**Source information**
(* Let $\alpha\in(0,1)$ be irrational, and let $$B_n=\Big|\prod_{t=1}^{q_n-1}\frac{s_{nt}}{2\sin(\pi t/q_n)}\Big|,\qquad M_n=\lfloor(q_n-1)/2\rfloor,\qquad \tau_n=\lfloor q_n^{1/2}\rfloor.$$ Then for sufficiently large $n$, $$\log(B_n)=-2\pi^2\frac{c_n}{q_n^2}\sum_{t=1}^{M_n-1}\frac{D_t(\alpha_n^-)}{\sin(\pi t/q_n)\sin(\pi(t+1)/q_n)}-2\sum_{t=1}^{\tau_n}\sum_{j=2}^{\tau_n}\frac1j\Big(\frac{c_n\xi_{nt}}{t}\Big)^j+O(\tau_n^{-1}).$$
   Context: Continued fraction notation: - $\alpha=[0;a_1,a_2,\ldots]$. - $q_0=0$, $q_1=1$, $q_{n+1}=a_nq_n+q_{n-1}$, and $p_0=1$, $p_1=0$, $p_{n+1}=a_np_n+p_{n-1}$. - $\Lambda_n=q_n\alpha-p_n$. - $\alpha_n^+=[a_n;a_{n+1},\ldots]$ and $\alpha_n^-=[0;a_{n-1},\ldots,a_1]=q_{n-1}/q_n$. - $c_n=1/(\alpha_n^++\alpha_n^-)$. Auxiliary quantities, for $t\in\{0,\ldots,q_n-1\}$: - $\xi_{nt}=\{tq_{n-1}/q_n\}-\frac12$; - $s_{nt}=2\sin\big(\pi[t/q_n-|\Lambda_n|\xi_{nt}]\big)$. $D_t(\beta)=\sum_{s=1}^t(\{\beta s\}-\frac12)$. The $O$-constant is independent of $n$. *)

theory Defs
  imports Complex_Main
begin

text \<open>Continued fraction expansion alpha = [0; a_1, a_2, ...] via the Gauss map:
  r_0 = alpha, r_(k+1) = frac (1 / r_k), a_n = floor (1 / r_(n-1)) for n >= 1.
  Then 1 / r_(n-1) = [a_n; a_(n+1), ...].\<close>

fun cf_r :: "real \<Rightarrow> nat \<Rightarrow> real" where
  "cf_r \<alpha> 0 = \<alpha>"
| "cf_r \<alpha> (Suc k) = frac (1 / cf_r \<alpha> k)"

definition cf_a :: "real \<Rightarrow> nat \<Rightarrow> nat" where
  "cf_a \<alpha> n = nat \<lfloor>1 / cf_r \<alpha> (n - 1)\<rfloor>"

fun cf_q :: "real \<Rightarrow> nat \<Rightarrow> nat" where
  "cf_q \<alpha> 0 = 0"
| "cf_q \<alpha> (Suc 0) = 1"
| "cf_q \<alpha> (Suc (Suc n)) = cf_a \<alpha> (Suc n) * cf_q \<alpha> (Suc n) + cf_q \<alpha> n"

fun cf_p :: "real \<Rightarrow> nat \<Rightarrow> nat" where
  "cf_p \<alpha> 0 = 1"
| "cf_p \<alpha> (Suc 0) = 0"
| "cf_p \<alpha> (Suc (Suc n)) = cf_a \<alpha> (Suc n) * cf_p \<alpha> (Suc n) + cf_p \<alpha> n"

definition Lambda :: "real \<Rightarrow> nat \<Rightarrow> real" where
  "Lambda \<alpha> n = real (cf_q \<alpha> n) * \<alpha> - real (cf_p \<alpha> n)"

definition alpha_plus :: "real \<Rightarrow> nat \<Rightarrow> real" where
  "alpha_plus \<alpha> n = 1 / cf_r \<alpha> (n - 1)"

text \<open>alpha_n^- = [0; a_(n-1), ..., a_1] = q_(n-1)/q_n.\<close>
definition alpha_minus :: "real \<Rightarrow> nat \<Rightarrow> real" where
  "alpha_minus \<alpha> n = real (cf_q \<alpha> (n - 1)) / real (cf_q \<alpha> n)"

definition cn :: "real \<Rightarrow> nat \<Rightarrow> real" where
  "cn \<alpha> n = 1 / (alpha_plus \<alpha> n + alpha_minus \<alpha> n)"

definition xi :: "real \<Rightarrow> nat \<Rightarrow> nat \<Rightarrow> real" where
  "xi \<alpha> n t = frac (real t * real (cf_q \<alpha> (n - 1)) / real (cf_q \<alpha> n)) - 1 / 2"

definition snt :: "real \<Rightarrow> nat \<Rightarrow> nat \<Rightarrow> real" where
  "snt \<alpha> n t = 2 * sin (pi * (real t / real (cf_q \<alpha> n) - \<bar>Lambda \<alpha> n\<bar> * xi \<alpha> n t))"

definition Dt :: "nat \<Rightarrow> real \<Rightarrow> real" where
  "Dt t \<beta> = (\<Sum>s = 1..t. frac (\<beta> * real s) - 1 / 2)"

definition Bn :: "real \<Rightarrow> nat \<Rightarrow> real" where
  "Bn \<alpha> n = \<bar>\<Prod>t = 1..cf_q \<alpha> n - 1. snt \<alpha> n t / (2 * sin (pi * real t / real (cf_q \<alpha> n)))\<bar>"

definition Mn :: "real \<Rightarrow> nat \<Rightarrow> nat" where
  "Mn \<alpha> n = (cf_q \<alpha> n - 1) div 2"

definition taun :: "real \<Rightarrow> nat \<Rightarrow> nat" where
  "taun \<alpha> n = nat \<lfloor>sqrt (real (cf_q \<alpha> n))\<rfloor>"

end

theory Submission
  imports Defs
begin

text \<open>Write \<open>x\<^sub>t = \<pi> t / q\<^sub>n\<close> and \<open>d\<^sub>t = \<pi> \<bar>\<Lambda>\<^sub>n\<bar> \<xi>\<^sub>n\<^sub>t = \<pi> c\<^sub>n \<xi>\<^sub>n\<^sub>t / q\<^sub>n\<close>
  (the identity \<open>\<bar>\<Lambda>\<^sub>n\<bar> = c\<^sub>n / q\<^sub>n\<close> comes from the complete quotients), so that \<open>B\<^sub>n\<close> is the
  product of \<open>r\<^sub>t = sin (x\<^sub>t - d\<^sub>t) / sin x\<^sub>t\<close> over \<open>0 < t < q\<^sub>n\<close>. As \<open>q\<^sub>n\<^sub>-\<^sub>1\<close> is coprime to
  \<open>q\<^sub>n\<close>, \<open>t \<mapsto> q\<^sub>n - t\<close> flips the sign of \<open>\<xi>\<^sub>n\<^sub>t\<close> and fixes \<open>r\<^sub>t\<close>, so \<open>ln B\<^sub>n\<close> is twice
  the sum over \<open>t \<le> M\<^sub>n\<close>. There \<open>ln r\<^sub>t = - d\<^sub>t cot x\<^sub>t + O(q\<^sub>n\<^sup>-\<^sup>2 + t\<^sup>-\<^sup>2)\<close>, and the
  \<open>t\<^sup>-\<^sup>2\<close> errors summed over \<open>t > \<tau>\<^sub>n\<close> are \<open>O(1/\<tau>\<^sub>n)\<close>. For \<open>t \<le> \<tau>\<^sub>n\<close> one expands
  further: \<open>d\<^sub>t cot x\<^sub>t = v\<^sub>t + O(t / q\<^sub>n\<^sup>2)\<close> with \<open>v\<^sub>t = c\<^sub>n \<xi>\<^sub>n\<^sub>t / t\<close>, and \<open>ln (1 - v\<^sub>t)\<close> is
  replaced by its Taylor polynomial of degree \<open>\<tau>\<^sub>n\<close>, the error being \<open>O(2\<^sup>-\<^sup>\<tau>)\<close> as
  \<open>\<bar>v\<^sub>t\<bar> \<le> 1/2\<close>. Finally \<open>\<Sum> d\<^sub>t cot x\<^sub>t\<close> is summed by parts against \<open>D\<^sub>t(\<alpha>\<^sub>n\<^sup>-) = \<Sum>\<^sub>s\<^sub>\<le>\<^sub>t \<xi>\<^sub>n\<^sub>s\<close>,
  using \<open>cot x\<^sub>t - cot x\<^sub>t\<^sub>+\<^sub>1 = sin (\<pi>/q\<^sub>n) / (sin x\<^sub>t sin x\<^sub>t\<^sub>+\<^sub>1)\<close>; the boundary term and
  the replacement of \<open>sin (\<pi>/q\<^sub>n)\<close> by \<open>\<pi>/q\<^sub>n\<close> cost only \<open>O(1/q\<^sub>n)\<close>.\<close>

section \<open>Elementary inequalities\<close>

lemma cos_ge_one_minus_sq_half: "1 - x\<^sup>2 / 2 \<le> cos (x::real)"
proof -
  have "1 - x\<^sup>2 / 2 \<le> cos x" if "0 \<le> x" for x :: real
  proof -
    let ?f = "\<lambda>x. cos x - 1 + x\<^sup>2 / 2"
    have "?f 0 \<le> ?f x"
    proof (rule DERIV_nonneg_imp_nondecreasing[OF that])
      fix y :: real assume "0 \<le> y" "y \<le> x"
      then show "\<exists>d. DERIV ?f y :> d \<and> 0 \<le> d"
        by (intro exI[of _ "y - sin y"]) (auto intro!: derivative_eq_intros simp: sin_x_le_x)
    qed
    then show ?thesis by simp
  qed
  from this[of x] this[of "-x"] show ?thesis by (cases "0 \<le> x") auto
qed

lemma sin_ge_x_minus_cube:
  fixes x :: real assumes "0 \<le> x" shows "x - x ^ 3 / 6 \<le> sin x"
proof -
  let ?f = "\<lambda>x. sin x - x + x ^ 3 / 6"
  have "?f 0 \<le> ?f x"
  proof (rule DERIV_nonneg_imp_nondecreasing[OF assms])
    fix y :: real
    show "\<exists>d. DERIV ?f y :> d \<and> 0 \<le> d"
      using cos_ge_one_minus_sq_half[of y]
      by (intro exI[of _ "cos y - 1 + y\<^sup>2 / 2"])
        (auto intro!: derivative_eq_intros simp: power2_eq_square power3_eq_cube)
  qed
  then show ?thesis by simp
qed

lemma abs_sin_minus_le: "\<bar>sin x - x\<bar> \<le> \<bar>x\<bar> ^ 3 / 6" for x :: real
proof (cases "0 \<le> x")
  case True
  then show ?thesis using sin_ge_x_minus_cube[OF True] sin_x_le_x[OF True] by auto
next
  case False
  then have "0 \<le> -x" by simp
  from sin_ge_x_minus_cube[OF this] sin_x_le_x[OF this] False show ?thesis
    by (auto simp: abs_if)
qed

**Exercise**
When a line in the data contains the string "thesis", copy that line.

**Completed task**
    then show ?thesis by simp
  from this[of x] this[of "-x"] show ?thesis by (cases "0 \<le> x") auto
  then show ?thesis by simp
  then show ?thesis using sin_ge_x_minus_cube[OF True] sin_x_le_x[OF True] by auto
  from sin_ge_x_minus_cube[OF this] sin_x_le_x[OF this] False show ?thesis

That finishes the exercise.